lemma no_path_through_next_level:
  assumes "a \<in> V" "b \<in> V" "a \<noteq> b" "level a = level b"
    and m: "is_walk adj (a # m @ [b])" "distinct m" "\<forall>z\<in>set m. level z = Suc (level a)"
  shows False
proof -
  obtain pa pb where pa: "geodesic pa a" and pb: "geodesic pb b"
    using geodesic_exists assms(1,2) by metis
  obtain i where i: "i < level a" "pa ! i = pb ! i"
    and disj: "set (drop i pa) \<inter> set (drop (Suc i) pb) = {}"
    using geodesics_branch_point[OF pa pb assms(3,4)] by blast
  define A where "A = drop i pa"
  define R where "R = rev (drop (Suc i) pb)"
  have len: "length pa = Suc (level a)" "length pb = Suc (level a)"
    using pa pb assms(4) unfolding geodesic_def by auto
  have "A \<noteq> []" "R \<noteq> []" "last A = a" "hd R = b"
    using pa pb i len unfolding A_def R_def geodesic_def by (auto simp: hd_rev)
  moreover have "is_walk adj A" "is_walk adj R"
    using is_walk_drop[of adj pa i] is_walk_drop[of adj pb "Suc i"] pa pb i len
      is_walk_rev[of adj, OF adj_sym]
    unfolding A_def R_def geodesic_def by auto
  ultimately have walk: "is_walk adj (A @ m @ R)"
    using m(1) by (intro is_walk_join) auto
  have low: "level z \<le> level a" if "z \<in> set A \<union> set R" for z
    using that level_in_geodesic_drop[OF pa] level_in_geodesic_drop[OF pb] assms(4)
    unfolding A_def R_def by force
  have "distinct (A @ m @ R)"
    using geodesic_distinct[OF pa] geodesic_distinct[OF pb] m(2,3) disj low
    unfolding A_def R_def by fastforce
  moreover have "length (A @ m @ R) \<ge> 3"
    using i len unfolding A_def R_def by simp
  moreover have "adj (pb ! Suc i) (pb ! i)"
    using pb i len adj_sym unfolding geodesic_def is_walk_def by auto
  then have "adj (last (A @ m @ R)) (hd (A @ m @ R))"
    using i len \<open>A \<noteq> []\<close> \<open>R \<noteq> []\<close>
    unfolding A_def R_def by (simp add: last_rev hd_drop_conv_nth)
  ultimately show False
    using walk tree unfolding tree_poset_def graph_acyclic_def by blast
qed

definition parent :: "'a \<Rightarrow> 'a" where
  "parent u = (SOME w. adj u w \<and> Suc (level w) = level u)"

lemma parent_adj_level:
  assumes "u \<in> V" "u \<noteq> r"
  shows "adj u (parent u) \<and> Suc (level (parent u)) = level u"
proof -
  obtain vs where vs: "geodesic vs u"
    using geodesic_exists assms(1) by blast
  obtain k where k: "level u = Suc k"
    using level_eq_0_iff assms by (cases "level u") auto
  have "adj (vs ! k) (vs ! Suc k)"
    using vs k unfolding geodesic_def is_walk_def by auto
  moreover have "vs ! Suc k = u" "level (vs ! k) = k"
    using geodesic_nth_level[OF vs] level_geodesic_nth[OF vs, of k] vs k
    unfolding geodesic_def by auto
  ultimately have "adj u (vs ! k) \<and> Suc (level (vs ! k)) = level u"
    using k adj_sym by auto
  then show ?thesis
    unfolding parent_def by (rule someI)
qed

lemma parent_in_V: "u \<in> V \<Longrightarrow> u \<noteq> r \<Longrightarrow> parent u \<in> V"
  using parent_adj_level adj_in_V by blast

lemma parent_neq: "u \<in> V \<Longrightarrow> u \<noteq> r \<Longrightarrow> parent u \<noteq> u"
  using parent_adj_level adj_neq by metis

lemma parent_unique:
  assumes "u \<in> V" "adj u w" "Suc (level w) = level u"
  shows "parent u = w"
proof (rule ccontr)
  assume "parent u \<noteq> w"
  have "u \<noteq> r" using assms by auto
  then have "adj (parent u) u" "Suc (level (parent u)) = level u"
    using parent_adj_level assms(1) adj_sym by auto
  then show False
    using no_path_through_next_level[of "parent u" w "[u]"] \<open>parent u \<noteq> w\<close> assms adj_in_V
    by auto
qed

lemma adj_level_cases:
  assumes "adj a b"
  shows "level a = Suc (level b) \<or> level b = Suc (level a)"
proof -
  have "level a \<noteq> level b"
    using no_path_through_next_level[of a b "[]"] assms adj_in_V adj_neq by auto
  then show ?thesis
    using level_adj_le[OF assms] level_adj_le[OF adj_sym[OF assms]] by auto
qed

end

section \<open>Greedy embedding along a blow-up\<close>

definition candidates :: "'v \<Rightarrow> nat \<Rightarrow> ('v \<Rightarrow> 'v) \<Rightarrow> ('v \<Rightarrow> nat) \<Rightarrow> 'v \<Rightarrow> nat list" where
  "candidates r d par c u = (if u = r then [0] else map (\<lambda>t. c (par u) * d + t) [0..<d])"

definition probe :: "('v \<times> nat \<Rightarrow> bool) \<Rightarrow> 'v \<Rightarrow> nat list \<Rightarrow> ('v \<times> nat) set \<times> nat option" where
  "probe pos u cs = (Pair u ` set (takeWhile (\<lambda>j. \<not> pos (u, j)) cs), find (\<lambda>j. pos (u, j)) cs)"

text \<open>The result consists of the chosen copy index of every vertex, the set of queried copies
  and whether all vertices of \<open>us\<close> were placed.\<close>

fun greedy_embed :: "'v \<Rightarrow> nat \<Rightarrow> ('v \<Rightarrow> 'v) \<Rightarrow> ('v \<times> nat \<Rightarrow> bool) \<Rightarrow> 'v list \<Rightarrow> ('v \<Rightarrow> nat)
    \<Rightarrow> ('v \<Rightarrow> nat) \<times> ('v \<times> nat) set \<times> bool" where
  "greedy_embed r d par pos [] c = (c, {}, True)"
| "greedy_embed r d par pos (u # us) c =
     (case probe pos u (candidates r d par c u) of
        (M, None) \<Rightarrow> (c, M, False)
      | (M, Some j) \<Rightarrow>
          (case greedy_embed r d par pos us (c(u := j)) of (c', Q, ok) \<Rightarrow> (c', M \<union> {(u, j)} \<union> Q, ok)))"

lemma candidates_nonroot:
  assumes "j \<in> set (candidates r d par c u)" "u \<noteq> r"
  obtains t where "t < d" "j = c (par u) * d + t"
proof -
  have "c (par u) * d \<le> j" "j < d + c (par u) * d"
    using assms by (auto simp: candidates_def)
  then show ?thesis
    using that[of "j - c (par u) * d"] by auto
qed

lemma probe_misses:
  assumes "probe pos u cs = (M, h)" "p \<in> M"
  shows "p \<in> Pair u ` set cs \<and> \<not> pos p"
  using assms unfolding probe_def by (auto dest: set_takeWhileD)

lemma probe_None:
  assumes "probe pos u cs = (M, None)"
  shows "M = Pair u ` set cs"
proof -
  have "M = Pair u ` set (takeWhile (\<lambda>j. \<not> pos (u, j)) cs)" "find (\<lambda>j. pos (u, j)) cs = None"
    using assms unfolding probe_def by simp_all
  then show ?thesis
    by (simp add: find_None_iff takeWhile_eq_all_conv[THEN iffD2])
qed

lemma probe_Some:
  assumes "probe pos u cs = (M, Some j)"
  shows "j \<in> set cs \<and> pos (u, j)"
  using assms unfolding probe_def by (auto simp: find_Some_iff)

lemma probe_cong:
  assumes "probe pos u cs = (M, h)"
    and "\<forall>p\<in>M \<union> Pair u ` set_option h. pos' p = pos p"
  shows "probe pos' u cs = (M, h)"
  using assms unfolding probe_def
  by (induction cs arbitrary: M h) (auto split: if_splits)

lemma finite_probe: "probe pos u cs = (M, h) \<Longrightarrow> finite M"
  unfolding probe_def by auto

lemma greedy_embed_ConsE:
  assumes "greedy_embed r d par pos (u # us) c = (c', Q, ok)"
  obtains (miss) M where "probe pos u (candidates r d par c u) = (M, None)"
      "c' = c" "Q = M" "\<not> ok"
  | (hit) M j Q' where "probe pos u (candidates r d par c u) = (M, Some j)"
      "greedy_embed r d par pos us (c(u := j)) = (c', Q', ok)" "Q = M \<union> {(u, j)} \<union> Q'"
proof -
  obtain M h where p: "probe pos u (candidates r d par c u) = (M, h)"
    by (cases "probe pos u (candidates r d par c u)") auto
  show ?thesis
  proof (cases h)
    case None
    then have "c' = c" "Q = M" "\<not> ok"
      using assms p by auto
    then show ?thesis
      using miss p None by blast
  next
    case (Some j)
    obtain c1 Q1 ok1 where rec: "greedy_embed r d par pos us (c(u := j)) = (c1, Q1, ok1)"
      by (cases "greedy_embed r d par pos us (c(u := j))")
    then have "c' = c1" "ok = ok1" "Q = M \<union> {(u, j)} \<union> Q1"
      using assms p Some by auto
    then show ?thesis
      using hit p Some rec by blast
  qed
qed

lemma greedy_embed_choice_outside:
  "greedy_embed r d par pos us c = (c', Q, ok) \<Longrightarrow> v \<notin> set us \<Longrightarrow> c' v = c v"
proof (induction us arbitrary: c Q)
  case (Cons u us)
  from Cons.prems(1) show ?case
  proof (cases rule: greedy_embed_ConsE)
    case (hit M j Q')
    then show ?thesis using Cons.IH[OF hit(2)] Cons.prems(2) by simp
  qed simp
qed simp

lemma greedy_embed_cong:
  "greedy_embed r d par pos us c = (c', Q, ok) \<Longrightarrow> \<forall>p\<in>Q. pos' p = pos p \<Longrightarrow>
    greedy_embed r d par pos' us c = (c', Q, ok)"
proof (induction us arbitrary: c Q)
  case (Cons u us)
  from Cons.prems(1) show ?case
  proof (cases rule: greedy_embed_ConsE)
    case (miss M)
    then have "probe pos' u (candidates r d par c u) = (M, None)"
      using Cons.prems(2) by (auto intro: probe_cong[OF miss(1)])
    then show ?thesis using miss by simp
  next
    case (hit M j Q')
    then have "probe pos' u (candidates r d par c u) = (M, Some j)"
      using Cons.prems(2) by (auto intro: probe_cong[OF hit(1)])
    moreover have "greedy_embed r d par pos' us (c(u := j)) = (c', Q', ok)"
      using Cons.IH[OF hit(2)] hit(3) Cons.prems(2) by blast
    ultimately show ?thesis using hit by simp
  qed
qed simp

lemma finite_greedy_embed_queries: "greedy_embed r d par pos us c = (c', Q, ok) \<Longrightarrow> finite Q"
proof (induction us arbitrary: c Q)
  case (Cons u us)
  from Cons.prems show ?case
  proof (cases rule: greedy_embed_ConsE)
    case (miss M)
    then show ?thesis using finite_probe[OF miss(1)] by simp
  next
    case (hit M j Q')
    then show ?thesis using finite_probe[OF hit(1)] Cons.IH[OF hit(2)] by simp
  qed
qed simp

lemma card_greedy_embed_hits_le:
  "greedy_embed r d par pos us c = (c', Q, ok) \<Longrightarrow> card {p\<in>Q. pos p} \<le> length us"
proof (induction us arbitrary: c Q)
  case (Cons u us)
  from Cons.prems show ?case
  proof (cases rule: greedy_embed_ConsE)
    case (miss M)
    then have "{p\<in>Q. pos p} = {}"
      using probe_misses[OF miss(1)] by blast
    then show ?thesis by (metis card.empty le0)
  next
    case (hit M j Q')
    then have "{p\<in>Q. pos p} \<subseteq> insert (u, j) {p\<in>Q'. pos p}"
      using probe_misses[OF hit(1)] by blast
    moreover have "finite {p\<in>Q'. pos p}"
      using finite_greedy_embed_queries[OF hit(2)] by simp
    ultimately have "card {p\<in>Q. pos p} \<le> card (insert (u, j) {p\<in>Q'. pos p})"
      by (intro card_mono) auto
    also have "\<dots> \<le> Suc (card {p\<in>Q'. pos p})"
      using \<open>finite {p\<in>Q'. pos p}\<close> by (simp add: card_insert_if)
    finally have "card {p\<in>Q. pos p} \<le> Suc (card {p\<in>Q'. pos p})" .
    then show ?thesis
      using Cons.IH[OF hit(2)] by simp
  qed
qed simp

lemma greedy_embed_failure_block:
  assumes "greedy_embed r d par pos us c = (c', Q, False)" "r \<notin> set us"
  shows "\<exists>u\<in>set us. \<exists>b. (\<lambda>t. (u, b * d + t)) ` {..<d} \<subseteq> Q"
  using assms
proof (induction us arbitrary: c Q)
  case (Cons u us)
  from Cons.prems(1) show ?case
  proof (cases rule: greedy_embed_ConsE)
    case (miss M)
    have "Q = Pair u ` set (candidates r d par c u)"
      using probe_None[OF miss(1)] miss(3) by simp
    then have "(\<lambda>t. (u, c (par u) * d + t)) ` {..<d} \<subseteq> Q"
      using Cons.prems(2) by (auto simp: candidates_def)
    then show ?thesis by auto
  next
    case (hit M j Q')
    then show ?thesis
      using Cons.IH[of "c(u := j)" Q'] Cons.prems(2) by fastforce
  qed
qed simp

lemma greedy_embed_success:
  assumes "greedy_embed r d par pos us c = (c', Q, True)"
    and "distinct us" "sorted_wrt (\<lambda>a b. a \<noteq> r \<longrightarrow> par a \<noteq> b) us"
    and "\<forall>u\<in>set us. u \<noteq> r \<longrightarrow> par u \<noteq> u"
  shows "\<forall>u\<in>set us. (u, c' u) \<in> Q \<and> pos (u, c' u) \<and> (u \<noteq> r \<longrightarrow> c' u div d = c' (par u))"
  using assms
proof (induction us arbitrary: c Q)
  case (Cons u us)
  from Cons.prems(1) show ?case
  proof (cases rule: greedy_embed_ConsE)
    case (hit M j Q')
    have IH: "\<forall>w\<in>set us. (w, c' w) \<in> Q' \<and> pos (w, c' w) \<and> (w \<noteq> r \<longrightarrow> c' w div d = c' (par w))"
      using Cons.IH[OF hit(2)] Cons.prems(2-4) by simp
    have j: "c' u = j" "j \<in> set (candidates r d par c u)" "pos (u, j)"
      using greedy_embed_choice_outside[OF hit(2)] probe_Some[OF hit(1)] Cons.prems(2) by auto
    have "c' u div d = c' (par u)" if ur: "u \<noteq> r"
    proof -
      obtain t where "t < d" "j = c (par u) * d + t"
        using candidates_nonroot[OF j(2) ur] .
      moreover have "c' (par u) = c (par u)"
        using greedy_embed_choice_outside[OF hit(2), of "par u"] Cons.prems(3,4) ur by auto
      ultimately show ?thesis using j(1) by simp
    qed
    then show ?thesis using IH hit(3) j by auto
  qed simp
qed simp

lemma greedy_embed_root_query:
  assumes "greedy_embed r d par pos (r # us) c = (c', Q, ok)"
  shows "(r, 0) \<in> Q"
proof -
  have cands: "candidates r d par c r = [0]"
    by (simp add: candidates_def)
  from assms show ?thesis
  proof (cases rule: greedy_embed_ConsE)
    case (miss M)
    then show ?thesis using probe_None[OF miss(1)] cands by simp
  next
    case (hit M j Q')
    then show ?thesis using probe_Some[OF hit(1)] cands by simp
  qed
qed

HOW TO COMPLETE THIS TASK:
What is needed is every line from the data above that includes the string "ultimately", copied out.

OUTPUT OF THE TASK:
  ultimately have walk: "is_walk adj (A @ m @ R)"
  ultimately show False
  ultimately have "adj u (vs ! k) \<and> Suc (level (vs ! k)) = level u"
    ultimately show ?thesis using hit by simp
    ultimately have "card {p\<in>Q. pos p} \<le> card (insert (u, j) {p\<in>Q'. pos p})"
      ultimately show ?thesis using j(1) by simp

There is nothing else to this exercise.